What you will do: Among the records below, find the line that has "text \<open>Bernstein coefficients"; from there, give the lines again exactly, and stop after the line that has "j = (\<lambda>t.".
::: Records provided
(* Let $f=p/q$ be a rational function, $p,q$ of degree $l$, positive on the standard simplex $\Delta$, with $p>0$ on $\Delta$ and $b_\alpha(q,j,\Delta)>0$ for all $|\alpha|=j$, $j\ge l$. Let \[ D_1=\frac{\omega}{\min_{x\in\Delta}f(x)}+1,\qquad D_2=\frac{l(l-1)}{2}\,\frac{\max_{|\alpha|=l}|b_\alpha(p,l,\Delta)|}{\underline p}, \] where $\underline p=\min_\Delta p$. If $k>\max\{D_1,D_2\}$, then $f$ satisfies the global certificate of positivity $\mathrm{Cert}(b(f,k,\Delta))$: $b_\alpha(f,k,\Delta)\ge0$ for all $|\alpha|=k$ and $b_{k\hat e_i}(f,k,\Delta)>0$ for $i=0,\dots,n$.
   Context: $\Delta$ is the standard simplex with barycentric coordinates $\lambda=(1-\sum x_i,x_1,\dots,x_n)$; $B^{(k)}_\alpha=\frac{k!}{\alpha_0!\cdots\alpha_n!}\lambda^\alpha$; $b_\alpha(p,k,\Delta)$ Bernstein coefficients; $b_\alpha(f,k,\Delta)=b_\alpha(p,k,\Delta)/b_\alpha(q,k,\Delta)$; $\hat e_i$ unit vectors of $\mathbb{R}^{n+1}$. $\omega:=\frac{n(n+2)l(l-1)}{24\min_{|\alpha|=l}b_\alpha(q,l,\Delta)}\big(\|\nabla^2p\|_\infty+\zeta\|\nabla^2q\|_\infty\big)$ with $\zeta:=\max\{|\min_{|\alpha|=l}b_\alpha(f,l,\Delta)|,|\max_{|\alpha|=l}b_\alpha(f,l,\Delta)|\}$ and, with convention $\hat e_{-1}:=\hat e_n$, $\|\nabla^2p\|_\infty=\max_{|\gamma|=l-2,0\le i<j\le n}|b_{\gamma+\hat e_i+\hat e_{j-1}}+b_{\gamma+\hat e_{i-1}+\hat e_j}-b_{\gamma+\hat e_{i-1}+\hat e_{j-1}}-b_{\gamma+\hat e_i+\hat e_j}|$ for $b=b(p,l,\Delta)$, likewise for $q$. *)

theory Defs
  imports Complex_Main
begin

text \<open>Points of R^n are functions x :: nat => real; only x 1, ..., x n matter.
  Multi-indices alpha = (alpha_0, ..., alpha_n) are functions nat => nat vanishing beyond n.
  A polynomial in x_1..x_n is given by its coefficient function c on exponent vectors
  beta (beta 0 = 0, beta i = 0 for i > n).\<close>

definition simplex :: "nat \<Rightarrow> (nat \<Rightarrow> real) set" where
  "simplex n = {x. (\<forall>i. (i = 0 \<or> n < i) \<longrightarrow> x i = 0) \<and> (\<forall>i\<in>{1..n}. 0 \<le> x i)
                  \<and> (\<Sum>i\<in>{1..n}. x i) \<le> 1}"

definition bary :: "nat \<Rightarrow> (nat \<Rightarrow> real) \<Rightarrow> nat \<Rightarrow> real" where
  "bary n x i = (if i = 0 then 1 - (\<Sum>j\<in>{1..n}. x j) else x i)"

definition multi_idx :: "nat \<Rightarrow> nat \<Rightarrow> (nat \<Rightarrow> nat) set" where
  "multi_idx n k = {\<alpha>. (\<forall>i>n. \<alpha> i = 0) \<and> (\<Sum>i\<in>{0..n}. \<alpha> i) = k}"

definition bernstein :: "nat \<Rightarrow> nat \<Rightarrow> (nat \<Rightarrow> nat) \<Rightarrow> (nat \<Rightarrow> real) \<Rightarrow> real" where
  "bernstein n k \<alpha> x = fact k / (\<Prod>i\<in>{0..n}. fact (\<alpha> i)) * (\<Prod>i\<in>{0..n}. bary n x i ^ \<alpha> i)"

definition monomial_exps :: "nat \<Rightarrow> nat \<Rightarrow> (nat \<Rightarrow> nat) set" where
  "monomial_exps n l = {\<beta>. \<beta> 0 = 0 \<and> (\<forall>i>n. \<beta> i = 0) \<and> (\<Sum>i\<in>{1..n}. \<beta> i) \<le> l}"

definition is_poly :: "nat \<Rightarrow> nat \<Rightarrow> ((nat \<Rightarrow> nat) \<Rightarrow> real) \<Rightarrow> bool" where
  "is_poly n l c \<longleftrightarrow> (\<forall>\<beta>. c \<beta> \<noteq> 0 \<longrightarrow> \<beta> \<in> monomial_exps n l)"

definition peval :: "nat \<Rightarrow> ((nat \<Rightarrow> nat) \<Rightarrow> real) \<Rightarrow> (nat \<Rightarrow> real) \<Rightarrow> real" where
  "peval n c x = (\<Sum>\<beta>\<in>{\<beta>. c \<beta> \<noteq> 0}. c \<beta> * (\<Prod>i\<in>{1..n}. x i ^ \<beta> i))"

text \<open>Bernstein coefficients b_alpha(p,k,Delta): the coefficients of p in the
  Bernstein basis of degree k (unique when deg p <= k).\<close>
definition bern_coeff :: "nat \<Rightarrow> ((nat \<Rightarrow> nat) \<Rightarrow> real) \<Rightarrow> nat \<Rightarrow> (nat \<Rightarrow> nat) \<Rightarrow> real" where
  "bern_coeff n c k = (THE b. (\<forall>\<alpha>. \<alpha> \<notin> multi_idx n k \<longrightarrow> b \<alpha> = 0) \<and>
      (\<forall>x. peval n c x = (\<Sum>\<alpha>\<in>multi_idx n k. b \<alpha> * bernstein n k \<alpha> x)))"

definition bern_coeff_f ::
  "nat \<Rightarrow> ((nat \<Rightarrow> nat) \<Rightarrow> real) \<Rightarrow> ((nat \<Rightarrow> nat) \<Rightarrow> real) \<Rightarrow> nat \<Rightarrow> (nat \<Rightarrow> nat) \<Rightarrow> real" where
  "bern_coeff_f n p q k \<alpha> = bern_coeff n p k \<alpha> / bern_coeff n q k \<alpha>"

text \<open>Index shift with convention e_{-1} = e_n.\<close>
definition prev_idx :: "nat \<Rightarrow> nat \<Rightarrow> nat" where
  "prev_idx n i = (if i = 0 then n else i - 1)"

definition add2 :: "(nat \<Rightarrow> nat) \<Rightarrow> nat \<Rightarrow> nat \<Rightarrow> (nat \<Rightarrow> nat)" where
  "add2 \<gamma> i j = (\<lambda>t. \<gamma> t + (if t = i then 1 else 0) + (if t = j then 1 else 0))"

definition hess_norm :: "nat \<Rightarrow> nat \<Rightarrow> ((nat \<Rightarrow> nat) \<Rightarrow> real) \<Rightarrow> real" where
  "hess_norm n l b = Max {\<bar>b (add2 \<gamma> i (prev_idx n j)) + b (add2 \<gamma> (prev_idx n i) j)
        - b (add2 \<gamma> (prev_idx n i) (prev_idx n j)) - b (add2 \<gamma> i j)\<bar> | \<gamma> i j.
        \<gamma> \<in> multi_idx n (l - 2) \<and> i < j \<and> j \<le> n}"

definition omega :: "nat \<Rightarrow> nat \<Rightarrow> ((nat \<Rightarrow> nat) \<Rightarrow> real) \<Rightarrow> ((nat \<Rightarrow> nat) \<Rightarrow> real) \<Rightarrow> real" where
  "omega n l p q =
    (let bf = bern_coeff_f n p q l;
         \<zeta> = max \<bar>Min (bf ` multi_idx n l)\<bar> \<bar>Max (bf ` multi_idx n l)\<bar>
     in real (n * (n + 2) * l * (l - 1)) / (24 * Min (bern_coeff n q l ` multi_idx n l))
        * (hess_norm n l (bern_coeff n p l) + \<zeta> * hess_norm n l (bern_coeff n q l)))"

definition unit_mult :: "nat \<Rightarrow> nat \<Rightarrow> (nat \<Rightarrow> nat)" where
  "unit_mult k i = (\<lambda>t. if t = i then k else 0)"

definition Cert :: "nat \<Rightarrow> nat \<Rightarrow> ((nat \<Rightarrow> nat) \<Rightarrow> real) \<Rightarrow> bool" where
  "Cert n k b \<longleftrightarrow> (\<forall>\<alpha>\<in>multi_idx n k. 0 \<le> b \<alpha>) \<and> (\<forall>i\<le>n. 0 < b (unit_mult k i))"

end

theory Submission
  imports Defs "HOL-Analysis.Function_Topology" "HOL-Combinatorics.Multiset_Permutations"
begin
::::::
::: Records provided
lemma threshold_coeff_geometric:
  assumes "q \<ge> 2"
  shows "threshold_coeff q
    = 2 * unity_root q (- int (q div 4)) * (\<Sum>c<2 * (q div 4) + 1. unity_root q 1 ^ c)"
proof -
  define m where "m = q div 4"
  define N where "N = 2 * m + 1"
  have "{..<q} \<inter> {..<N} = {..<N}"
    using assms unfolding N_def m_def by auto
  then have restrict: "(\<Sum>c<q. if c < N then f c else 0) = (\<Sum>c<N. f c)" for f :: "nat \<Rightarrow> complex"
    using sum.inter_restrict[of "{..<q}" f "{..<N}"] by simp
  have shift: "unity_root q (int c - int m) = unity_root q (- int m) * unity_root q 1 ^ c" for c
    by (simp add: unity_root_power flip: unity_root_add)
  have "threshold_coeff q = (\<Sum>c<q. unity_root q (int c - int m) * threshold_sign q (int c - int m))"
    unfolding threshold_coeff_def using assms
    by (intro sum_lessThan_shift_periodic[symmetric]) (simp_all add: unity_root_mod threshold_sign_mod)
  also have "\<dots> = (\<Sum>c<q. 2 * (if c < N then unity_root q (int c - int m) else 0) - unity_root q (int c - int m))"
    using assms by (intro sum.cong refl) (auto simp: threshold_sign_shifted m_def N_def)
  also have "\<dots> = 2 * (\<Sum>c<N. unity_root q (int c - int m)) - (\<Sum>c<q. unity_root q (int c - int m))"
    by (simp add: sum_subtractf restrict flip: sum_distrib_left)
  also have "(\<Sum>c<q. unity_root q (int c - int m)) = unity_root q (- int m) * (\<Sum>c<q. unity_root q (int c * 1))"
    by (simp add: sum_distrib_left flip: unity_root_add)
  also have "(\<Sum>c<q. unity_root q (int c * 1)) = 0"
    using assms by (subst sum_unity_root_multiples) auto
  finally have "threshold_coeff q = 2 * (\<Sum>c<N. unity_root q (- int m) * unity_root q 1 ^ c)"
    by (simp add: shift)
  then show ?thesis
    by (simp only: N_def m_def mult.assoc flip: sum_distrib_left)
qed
::::::
Solved exercise:
text \<open>Bernstein coefficients b_alpha(p,k,Delta): the coefficients of p in the
  Bernstein basis of degree k (unique when deg p <= k).\<close>
definition bern_coeff :: "nat \<Rightarrow> ((nat \<Rightarrow> nat) \<Rightarrow> real) \<Rightarrow> nat \<Rightarrow> (nat \<Rightarrow> nat) \<Rightarrow> real" where
  "bern_coeff n c k = (THE b. (\<forall>\<alpha>. \<alpha> \<notin> multi_idx n k \<longrightarrow> b \<alpha> = 0) \<and>
      (\<forall>x. peval n c x = (\<Sum>\<alpha>\<in>multi_idx n k. b \<alpha> * bernstein n k \<alpha> x)))"

definition bern_coeff_f ::
  "nat \<Rightarrow> ((nat \<Rightarrow> nat) \<Rightarrow> real) \<Rightarrow> ((nat \<Rightarrow> nat) \<Rightarrow> real) \<Rightarrow> nat \<Rightarrow> (nat \<Rightarrow> nat) \<Rightarrow> real" where
  "bern_coeff_f n p q k \<alpha> = bern_coeff n p k \<alpha> / bern_coeff n q k \<alpha>"

text \<open>Index shift with convention e_{-1} = e_n.\<close>
definition prev_idx :: "nat \<Rightarrow> nat \<Rightarrow> nat" where
  "prev_idx n i = (if i = 0 then n else i - 1)"

definition add2 :: "(nat \<Rightarrow> nat) \<Rightarrow> nat \<Rightarrow> nat \<Rightarrow> (nat \<Rightarrow> nat)" where
  "add2 \<gamma> i j = (\<lambda>t. \<gamma> t + (if t = i then 1 else 0) + (if t = j then 1 else 0))"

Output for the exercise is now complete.